*Task material:*
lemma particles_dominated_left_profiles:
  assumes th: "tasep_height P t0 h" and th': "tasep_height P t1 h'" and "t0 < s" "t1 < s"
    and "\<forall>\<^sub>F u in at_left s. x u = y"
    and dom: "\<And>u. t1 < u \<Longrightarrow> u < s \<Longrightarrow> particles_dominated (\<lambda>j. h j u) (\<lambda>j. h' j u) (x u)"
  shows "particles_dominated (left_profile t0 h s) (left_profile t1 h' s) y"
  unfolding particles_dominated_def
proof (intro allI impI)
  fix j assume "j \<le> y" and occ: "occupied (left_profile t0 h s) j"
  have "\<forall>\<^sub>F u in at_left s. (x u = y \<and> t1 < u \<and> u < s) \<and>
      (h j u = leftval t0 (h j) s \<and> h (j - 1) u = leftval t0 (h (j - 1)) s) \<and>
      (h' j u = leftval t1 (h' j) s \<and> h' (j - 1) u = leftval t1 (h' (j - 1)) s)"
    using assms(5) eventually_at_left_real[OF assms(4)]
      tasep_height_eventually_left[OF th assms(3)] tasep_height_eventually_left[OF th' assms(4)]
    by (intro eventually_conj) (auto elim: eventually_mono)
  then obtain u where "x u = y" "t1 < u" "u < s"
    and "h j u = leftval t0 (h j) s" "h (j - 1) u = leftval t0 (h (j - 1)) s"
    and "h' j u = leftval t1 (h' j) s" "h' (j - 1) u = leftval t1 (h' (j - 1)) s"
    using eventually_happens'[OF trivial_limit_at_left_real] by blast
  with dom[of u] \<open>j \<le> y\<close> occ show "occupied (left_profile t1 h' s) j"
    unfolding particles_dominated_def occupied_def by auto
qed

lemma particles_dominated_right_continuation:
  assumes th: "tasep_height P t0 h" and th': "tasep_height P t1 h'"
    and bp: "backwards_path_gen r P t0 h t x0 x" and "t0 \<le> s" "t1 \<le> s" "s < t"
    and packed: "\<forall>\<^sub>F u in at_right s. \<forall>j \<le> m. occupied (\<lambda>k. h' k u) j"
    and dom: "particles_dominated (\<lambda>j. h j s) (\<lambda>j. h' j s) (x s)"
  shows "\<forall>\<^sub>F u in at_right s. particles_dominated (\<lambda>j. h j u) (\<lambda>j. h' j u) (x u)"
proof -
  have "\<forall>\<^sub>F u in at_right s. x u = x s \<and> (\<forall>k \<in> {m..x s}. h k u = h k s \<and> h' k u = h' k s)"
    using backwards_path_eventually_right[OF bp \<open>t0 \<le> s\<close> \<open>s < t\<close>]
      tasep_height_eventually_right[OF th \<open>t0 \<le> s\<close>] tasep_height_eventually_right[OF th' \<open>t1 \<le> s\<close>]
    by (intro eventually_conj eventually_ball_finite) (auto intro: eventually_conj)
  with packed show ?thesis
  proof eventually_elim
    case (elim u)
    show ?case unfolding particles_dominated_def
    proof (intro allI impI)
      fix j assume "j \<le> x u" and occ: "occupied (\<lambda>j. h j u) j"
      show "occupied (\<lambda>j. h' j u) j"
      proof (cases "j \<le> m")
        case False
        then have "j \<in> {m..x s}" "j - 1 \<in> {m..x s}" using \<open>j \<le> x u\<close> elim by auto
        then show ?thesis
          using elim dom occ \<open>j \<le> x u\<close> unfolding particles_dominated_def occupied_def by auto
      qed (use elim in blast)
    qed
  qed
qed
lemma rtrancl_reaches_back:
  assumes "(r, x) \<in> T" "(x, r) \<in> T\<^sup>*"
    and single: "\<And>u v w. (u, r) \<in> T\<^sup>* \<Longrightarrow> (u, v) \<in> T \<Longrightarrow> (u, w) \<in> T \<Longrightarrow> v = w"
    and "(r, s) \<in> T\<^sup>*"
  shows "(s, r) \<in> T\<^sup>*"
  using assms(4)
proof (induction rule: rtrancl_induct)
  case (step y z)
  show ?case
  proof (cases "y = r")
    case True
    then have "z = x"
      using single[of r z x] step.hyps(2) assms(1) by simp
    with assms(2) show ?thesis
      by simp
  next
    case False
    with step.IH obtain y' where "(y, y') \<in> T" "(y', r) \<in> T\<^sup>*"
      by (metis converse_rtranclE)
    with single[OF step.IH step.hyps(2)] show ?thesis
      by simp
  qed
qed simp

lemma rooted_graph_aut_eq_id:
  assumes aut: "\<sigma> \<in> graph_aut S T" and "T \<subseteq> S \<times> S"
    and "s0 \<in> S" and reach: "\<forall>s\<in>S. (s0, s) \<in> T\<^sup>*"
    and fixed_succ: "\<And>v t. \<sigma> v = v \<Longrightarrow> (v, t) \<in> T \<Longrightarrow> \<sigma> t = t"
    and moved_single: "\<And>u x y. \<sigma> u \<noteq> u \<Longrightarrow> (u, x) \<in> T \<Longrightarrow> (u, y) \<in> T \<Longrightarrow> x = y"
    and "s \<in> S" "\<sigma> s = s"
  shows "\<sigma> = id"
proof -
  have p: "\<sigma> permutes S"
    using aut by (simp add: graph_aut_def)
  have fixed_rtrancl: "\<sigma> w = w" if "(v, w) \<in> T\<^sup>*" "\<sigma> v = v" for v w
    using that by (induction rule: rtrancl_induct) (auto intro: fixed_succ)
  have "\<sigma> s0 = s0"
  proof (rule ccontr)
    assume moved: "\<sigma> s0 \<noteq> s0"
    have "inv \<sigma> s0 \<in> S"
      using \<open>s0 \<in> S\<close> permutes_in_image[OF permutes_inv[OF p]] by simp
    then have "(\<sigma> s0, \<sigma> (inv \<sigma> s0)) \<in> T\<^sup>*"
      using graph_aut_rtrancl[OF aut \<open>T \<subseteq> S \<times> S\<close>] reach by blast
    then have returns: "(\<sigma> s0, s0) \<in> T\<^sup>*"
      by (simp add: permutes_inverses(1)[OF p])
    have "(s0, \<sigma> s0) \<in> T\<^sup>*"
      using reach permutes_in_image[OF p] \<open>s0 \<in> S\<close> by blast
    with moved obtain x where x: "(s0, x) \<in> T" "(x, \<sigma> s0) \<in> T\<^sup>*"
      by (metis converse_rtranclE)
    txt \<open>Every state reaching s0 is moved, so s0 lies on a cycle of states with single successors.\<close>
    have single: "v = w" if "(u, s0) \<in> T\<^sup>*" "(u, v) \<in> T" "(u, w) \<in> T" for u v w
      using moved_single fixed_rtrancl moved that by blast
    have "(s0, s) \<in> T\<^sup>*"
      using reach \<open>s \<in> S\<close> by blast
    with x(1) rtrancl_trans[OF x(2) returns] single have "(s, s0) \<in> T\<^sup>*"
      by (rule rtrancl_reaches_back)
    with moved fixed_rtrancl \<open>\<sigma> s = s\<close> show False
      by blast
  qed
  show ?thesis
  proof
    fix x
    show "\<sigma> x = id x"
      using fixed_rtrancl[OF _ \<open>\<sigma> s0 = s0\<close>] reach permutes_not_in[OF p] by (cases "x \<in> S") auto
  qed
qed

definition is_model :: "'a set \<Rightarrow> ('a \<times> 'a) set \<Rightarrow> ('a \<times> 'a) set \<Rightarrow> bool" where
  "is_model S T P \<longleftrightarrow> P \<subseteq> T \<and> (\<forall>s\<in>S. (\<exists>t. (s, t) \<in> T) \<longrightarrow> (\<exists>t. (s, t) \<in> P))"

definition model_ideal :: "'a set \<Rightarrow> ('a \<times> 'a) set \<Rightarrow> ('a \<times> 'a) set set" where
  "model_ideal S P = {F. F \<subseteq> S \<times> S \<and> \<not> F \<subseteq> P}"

*What needs to be done:* From the material above, gather all lines that include the string "shows" and copy them.

*Output below:*
  shows "particles_dominated (left_profile t0 h s) (left_profile t1 h' s) y"
  shows "\<forall>\<^sub>F u in at_right s. particles_dominated (\<lambda>j. h j u) (\<lambda>j. h' j u) (x u)"
  shows "(s, r) \<in> T\<^sup>*"
  shows "\<sigma> = id"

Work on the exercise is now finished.